Он часто заезжал к наследникам, решившим распродать остатки прежней роскоши: обычно это были мрачные квартиры, заросшие антиквариатом. А в этой комнате, просторной, выбеленной, без перегородок, с темными потеками на потолке, не было ни книг, ни антикварных штучек, только в дальнем углу стояли толстые картонные коробки, прикрытые холщовой тканью. В центре – голландская печь с обколотыми изразцами и огромная кровать с резными завитушками на спинках. Возле кровати – деревянный стул, на нем большой транзисторный приемник и старообразный телефон. Беленая печка нетоплена – гриппозное тепло идет от батарей; в перине утонула крохотная, ветхая старушка. Так лежат младенчики, со всех сторон обложенные валиками, чтобы не скатились.
Бабушка хотя и восковая, но улыбчивая.
– Проходите, сделайте милость, – бодро сказала старушка, и непонятно было, как в таком усохшем теле может сохраняться юный голос. – Обувь не снимайте, пол холодный.
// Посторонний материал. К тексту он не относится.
(* Let $p$ be a prime number and let $1\to\Gamma'\to\Gamma\to\Gamma''$ be an exact sequence of groups. Suppose that $\Gamma''$ has bounded finite subgroups, and that $\Gamma'$ is Jordan (respectively $p$-Jordan, generalized $p$-Jordan, nilpotently Jordan of class at most $c$, nilpotently $p$-Jordan of class at most $c$, generalized nilpotently $p$-Jordan of class at most $c$). Then $\Gamma$ is Jordan (respectively $p$-Jordan, generalized $p$-Jordan, nilpotently Jordan of class at most $c$, nilpotently $p$-Jordan of class at most $c$, generalized nilpotently $p$-Jordan of class at most $c$).
   Context: A group has bounded finite subgroups if there is a constant $B$ such that every finite subgroup has order at most $B$. A group $\Gamma$ is Jordan (resp. nilpotently Jordan of class at most $c$) if there is $J(\Gamma)$ such that every finite subgroup contains a normal subgroup of index at most $J(\Gamma)$ which is abelian (resp. nilpotent of class at most $c$). It is generalized $p$-Jordan (resp. generalized nilpotently $p$-Jordan of class at most $c$) if there is $J(\Gamma)$ such that every finite subgroup of order not divisible by $p$ contains a normal subgroup of index at most $J(\Gamma)$ which is abelian (resp. nilpotent of class at most $c$). It is $p$-Jordan (resp. nilpotently $p$-Jordan of class at most $c$) if there are $J(\Gamma)$, $e(\Gamma)$ such that every finite subgroup $G$ contains a normal subgroup of order coprime to $p$ and index at most $J(\Gamma)|G_p|^{e(\Gamma)}$ which is abelian (resp. nilpotent of class at most $c$), $G_p$ being a $p$-Sylow subgroup of $G$. *)

theory Defs
  imports "HOL-Algebra.Algebra" "HOL-Computational_Algebra.Primes"
begin

definition finite_subgroup :: "('a, 'b) monoid_scheme \<Rightarrow> 'a set \<Rightarrow> bool" where
  "finite_subgroup \<Gamma> G \<longleftrightarrow> subgroup G \<Gamma> \<and> finite G"

definition bounded_finite_subgroups :: "('a, 'b) monoid_scheme \<Rightarrow> bool" where
  "bounded_finite_subgroups \<Gamma> \<longleftrightarrow>
     (\<exists>B::nat. \<forall>G. finite_subgroup \<Gamma> G \<longrightarrow> card G \<le> B)"

definition abelian_set :: "('a, 'b) monoid_scheme \<Rightarrow> 'a set \<Rightarrow> bool" where
  "abelian_set \<Gamma> A \<longleftrightarrow> (\<forall>x\<in>A. \<forall>y\<in>A. x \<otimes>\<^bsub>\<Gamma>\<^esub> y = y \<otimes>\<^bsub>\<Gamma>\<^esub> x)"

text \<open>Lower central series of the subgroup A: lcs 0 = A = gamma_1, lcs (k+1) = [lcs k, A].\<close>
fun lower_central :: "('a, 'b) monoid_scheme \<Rightarrow> 'a set \<Rightarrow> nat \<Rightarrow> 'a set" where
  "lower_central \<Gamma> A 0 = A"
| "lower_central \<Gamma> A (Suc k) = generate \<Gamma>
     {x \<otimes>\<^bsub>\<Gamma>\<^esub> y \<otimes>\<^bsub>\<Gamma>\<^esub> inv\<^bsub>\<Gamma>\<^esub> x \<otimes>\<^bsub>\<Gamma>\<^esub> inv\<^bsub>\<Gamma>\<^esub> y | x y. x \<in> lower_central \<Gamma> A k \<and> y \<in> A}"

definition nilpotent_class_le :: "('a, 'b) monoid_scheme \<Rightarrow> nat \<Rightarrow> 'a set \<Rightarrow> bool" where
  "nilpotent_class_le \<Gamma> c A \<longleftrightarrow> lower_central \<Gamma> A c = {\<one>\<^bsub>\<Gamma>\<^esub>}"

definition jordan_wrt :: "('a, 'b) monoid_scheme \<Rightarrow> ('a set \<Rightarrow> bool) \<Rightarrow> bool" where
  "jordan_wrt \<Gamma> P \<longleftrightarrow> (\<exists>J::nat. \<forall>G. finite_subgroup \<Gamma> G \<longrightarrow>
     (\<exists>A. A \<lhd> (\<Gamma>\<lparr>carrier := G\<rparr>) \<and> card G \<le> J * card A \<and> P A))"

definition gen_p_jordan_wrt :: "('a, 'b) monoid_scheme \<Rightarrow> nat \<Rightarrow> ('a set \<Rightarrow> bool) \<Rightarrow> bool" where
  "gen_p_jordan_wrt \<Gamma> p P \<longleftrightarrow> (\<exists>J::nat. \<forall>G. finite_subgroup \<Gamma> G \<and> \<not> p dvd card G \<longrightarrow>
     (\<exists>A. A \<lhd> (\<Gamma>\<lparr>carrier := G\<rparr>) \<and> card G \<le> J * card A \<and> P A))"

text \<open>The order of a p-Sylow subgroup of G is p ^ multiplicity p (card G).\<close>
definition p_jordan_wrt :: "('a, 'b) monoid_scheme \<Rightarrow> nat \<Rightarrow> ('a set \<Rightarrow> bool) \<Rightarrow> bool" where
  "p_jordan_wrt \<Gamma> p P \<longleftrightarrow> (\<exists>J e::nat. \<forall>G. finite_subgroup \<Gamma> G \<longrightarrow>
     (\<exists>A. A \<lhd> (\<Gamma>\<lparr>carrier := G\<rparr>) \<and> coprime (card A) p \<and>
          card G \<le> J * (p ^ multiplicity p (card G)) ^ e * card A \<and> P A))"

definition Jordan where "Jordan \<Gamma> = jordan_wrt \<Gamma> (abelian_set \<Gamma>)"
definition p_Jordan where "p_Jordan \<Gamma> p = p_jordan_wrt \<Gamma> p (abelian_set \<Gamma>)"
definition gen_p_Jordan where "gen_p_Jordan \<Gamma> p = gen_p_jordan_wrt \<Gamma> p (abelian_set \<Gamma>)"
definition nil_Jordan where "nil_Jordan \<Gamma> c = jordan_wrt \<Gamma> (nilpotent_class_le \<Gamma> c)"
definition nil_p_Jordan where "nil_p_Jordan \<Gamma> p c = p_jordan_wrt \<Gamma> p (nilpotent_class_le \<Gamma> c)"
definition gen_nil_p_Jordan where "gen_nil_p_Jordan \<Gamma> p c = gen_p_jordan_wrt \<Gamma> p (nilpotent_class_le \<Gamma> c)"

end

theory Submission
  imports Defs
begin

(*
  Let H be a finite subgroup of G and K = H \<inter> ker f. Since H/K embeds in G2, the index of K in H is
  at most B, and K is the isomorphic image of the finite subgroup i^-1(H) of G1, whose order divides
  |H|. The hypothesis on G1 gives a normal subgroup A of K of index at most N with the required
  property. A need not be normal in H, but its conjugates under H only depend on the coset modulo K,
  as K normalises A; so there are at most B of them, and their intersection, the normal core of A in H,
  has index at most N^B in K, hence at most B N^B in H. Being abelian, or nilpotent of class at most c,
  passes to subgroups, and the order of the core divides |A|, which keeps it coprime to p. In the
  p-Jordan case N = J |K_p|^e \<le> J |H_p|^e, so B N^B is again of the form J' |H_p|^e'.
*)

lemma card_le_card_image_mult:
  assumes "finite A" and "\<And>z. z \<in> g ` A \<Longrightarrow> card {a \<in> A. g a = z} \<le> m"
  shows "card A \<le> card (g ` A) * m"
proof -
  have "A = (\<Union>z\<in>g ` A. {a \<in> A. g a = z})" by auto
  then have "card A \<le> (\<Sum>z\<in>g ` A. card {a \<in> A. g a = z})"
    by (metis card_UN_le assms(1) finite_imageI)
  also have "\<dots> \<le> (\<Sum>z\<in>g ` A. m)" by (intro sum_mono assms(2))
  finally show ?thesis by simp
qed

lemma card_image_le_card_image:
  assumes "finite A" and "\<And>x y. x \<in> A \<Longrightarrow> y \<in> A \<Longrightarrow> q x = q y \<Longrightarrow> g x = g y"
  shows "card (g ` A) \<le> card (q ` A)"
proof -
  have "g ` A \<subseteq> (\<lambda>y. g (inv_into A q y)) ` (q ` A)"
  proof
    fix z assume "z \<in> g ` A"
    then obtain x where x: "x \<in> A" "z = g x" by blast
    have "inv_into A q (q x) \<in> A" "q (inv_into A q (q x)) = q x"
      using x(1) by (auto intro: inv_into_into f_inv_into_f)
    then have "z = g (inv_into A q (q x))" using assms(2) x by metis
    then show "z \<in> (\<lambda>y. g (inv_into A q y)) ` (q ` A)" using x(1) by blast
  qed
  then have "card (g ` A) \<le> card ((\<lambda>y. g (inv_into A q y)) ` (q ` A))"
    using assms(1) by (intro card_mono) auto
  also have "\<dots> \<le> card (q ` A)" using assms(1) by (intro card_image_le) auto
  finally show ?thesis .
qed

definition normal_core :: "('a, 'b) monoid_scheme \<Rightarrow> 'a set \<Rightarrow> 'a set \<Rightarrow> 'a set" where
  "normal_core G H A = (\<Inter>h\<in>H. h <#\<^bsub>G\<^esub> A #>\<^bsub>G\<^esub> inv\<^bsub>G\<^esub> h)"

lemma one_mem_lower_central:
  assumes "subgroup C G"
  shows "\<one>\<^bsub>G\<^esub> \<in> lower_central G C k"
  using subgroup.one_closed[OF assms] by (cases k) (auto intro: generate.one)

lemma abelian_set_hom_image:
  assumes "h \<in> hom G H" "A \<subseteq> carrier G" "abelian_set G A"
  shows "abelian_set H (h ` A)"
  unfolding abelian_set_def
proof clarify
  fix a b assume "a \<in> A" "b \<in> A"
  moreover have "a \<otimes>\<^bsub>G\<^esub> b = b \<otimes>\<^bsub>G\<^esub> a" using assms(3) calculation unfolding abelian_set_def by blast
  ultimately show "h a \<otimes>\<^bsub>H\<^esub> h b = h b \<otimes>\<^bsub>H\<^esub> h a" using assms(1,2) by (metis hom_mult subsetD)
qed

context group
begin

lemma mult_inv_cancel [simp]: "x \<in> carrier G \<Longrightarrow> y \<in> carrier G \<Longrightarrow> x \<otimes> (inv x \<otimes> y) = y"
  by (simp add: m_assoc[symmetric])

lemma inv_mult_cancel [simp]: "x \<in> carrier G \<Longrightarrow> y \<in> carrier G \<Longrightarrow> inv x \<otimes> (x \<otimes> y) = y"
  by (simp add: m_assoc[symmetric])

lemma card_subgroup_dvd:
  assumes "subgroup H G" "subgroup K G" "K \<subseteq> H"
  shows "card K dvd card H"
proof -
  interpret H: group "G\<lparr>carrier := H\<rparr>" by (rule subgroup_imp_group[OF assms(1)])
  have "card (rcosets\<^bsub>G\<lparr>carrier := H\<rparr>\<^esub> K) * card K = card H"
    using H.lagrange[OF subgroup_incl[OF assms(2,1,3)]] by (simp add: order_def)
  then show ?thesis by (metis dvd_triv_right)
qed

lemma card_mult_card_le_card_set_mult_Int:
  assumes U: "subgroup U G" "finite U" and V: "subgroup V G" "finite V"
  shows "card U * card V \<le> card (U <#> V) * card (U \<inter> V)"
proof -
  let ?m = "\<lambda>(x, y). x \<otimes> y"
  have carr: "U \<subseteq> carrier G" "V \<subseteq> carrier G" using U V subgroup.subset by blast+
  have image: "?m ` (U \<times> V) = U <#> V" unfolding set_mult_def by auto
  have "card (U \<times> V) \<le> card (?m ` (U \<times> V)) * card (U \<inter> V)"
  proof (rule card_le_card_image_mult)
    fix z assume "z \<in> ?m ` (U \<times> V)"
    then obtain x0 y0 where x0: "x0 \<in> U" and y0: "y0 \<in> V" and z: "z = x0 \<otimes> y0" by auto
    \<comment> \<open>A factorisation z = x y is determined by x0^-1 x = y0 y^-1, which lies in U \<inter> V.\<close>
    show "card {a \<in> U \<times> V. ?m a = z} \<le> card (U \<inter> V)"
    proof (rule card_inj_on_le[where f = "\<lambda>(x, y). inv x0 \<otimes> x"])
      show "inj_on (\<lambda>(x, y). inv x0 \<otimes> x) {a \<in> U \<times> V. ?m a = z}"
      proof (rule inj_onI, clarsimp)
        fix x y x' y' assume "x \<in> U" "y \<in> V" "x' \<in> U" "y' \<in> V"
          and "inv x0 \<otimes> x = inv x0 \<otimes> x'" "x' \<otimes> y' = x \<otimes> y"
        then show "x = x' \<and> y = y'" using carr x0 by (auto simp: subset_iff)
      qed
      have "inv x0 \<otimes> x \<in> U \<inter> V" if x: "x \<in> U" and y: "y \<in> V" and xy: "x \<otimes> y = z" for x y
      proof -
        have elems: "x \<in> carrier G" "y \<in> carrier G" "x0 \<in> carrier G" "y0 \<in> carrier G"
          using carr x y x0 y0 by auto
        then have "x = x0 \<otimes> y0 \<otimes> inv y" using xy z by (simp add: inv_solve_right)
        then have "inv x0 \<otimes> x = y0 \<otimes> inv y" using elems by (simp add: inv_solve_left' m_assoc)
        moreover have "inv x0 \<otimes> x \<in> U" "y0 \<otimes> inv y \<in> V"
          using U V x y x0 y0 by (auto intro: subgroup.m_closed subgroup.m_inv_closed)
        ultimately show ?thesis by simp
      qed
      then show "(\<lambda>(x, y). inv x0 \<otimes> x) ` {a \<in> U \<times> V. ?m a = z} \<subseteq> U \<inter> V" by auto
    qed (use U in simp)
  qed (use U V in simp)
  then show ?thesis using image by (simp add: card_cartesian_product)
qed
– Здравствуйте, – ответил Павел.
Посмотрел на бабушку внимательно, и понял, что она не улыбается. Просто кожа обтянула скулы, приподняла уголки губ. Впрочем, на пергаментном, уже немного не отсюда, личике сияет восторг первоклашки.
– Вас Павел зовут, правда ведь, Павел? Вы не стесняйтесь, осмотритесь. Из окна прекрасный вид. И поближе подойдите, ладно? Если вы не против.
Павел был не против. Лучезарная, но цепкая старушка с некой затаенной гордостью метнула глазами в сторону печки. В глубокой нише, перед медным складнем, утешительно горела синяя лампадка. Конечно, у лампад такое свойство; стоит их зажечь, особенно в сумрачном месте, и сразу возникает ощущение покоя. Бесплотный огонь, спрятавшийся в толстое стекло. А все равно сейчас ему казалось, что лампада въедливой старушки – не такая, как в покоях у епископа Петра. Более домашняя и смирная.
Говорить не хотелось. Хотелось молчать и смотреть.
Старушка глубоко вздохнула, набрала побольше воздуху. Ну, сейчас начнет вещать о Боге! станет скучно. Но вместо этого она заверещала, как девчонка после школы – вперемешку обо всем, наматывая темы друг на друга, как нить на бесконечное веретено.
– А? вы видите, как светит? Это от владыченьки осталось. А вы историк? Я была когда-то горным инженером, представляете? а потом уже стала келейницей. Так вы историк?
– Я историк.
– А что заканчивали? Вы не заварите нам чаю? если можно! я вас разговорами не замучаю, не бойтесь, обещаю. Четверть часика поговорим, и отпущу. Там, на полу, у подоконника, и заварочный, и баночка, и сахар? Вот спасибо. И хорошо, что все-таки приехали. Так что же происходит с Арктикой? Вы в курсе, что там за история? Знаете, тут не с кем говорить, глупые старухи, что они понимают?
– Какая история с Арктикой? – Павел опешил.
– Ну как же. Шельф. Все разругались. Я радио все слушаю, там говорят. Водичка вон там, мне из источника приносят, видите, в эмалированном бидоне?
– А зачем вам нужно знать про Арктику? Ну, разругались, поцелуются, помирятся.
Чайник запыхтел и стал посвистывать; Саларьев выдернул шнур из розетки, но свист прекратился не сразу: медленно и недовольно затухал.
– Мне кажется, что это серьезно.
Вид у маленькой старушки стал внезапно важный, строгий, как у ручной собачки.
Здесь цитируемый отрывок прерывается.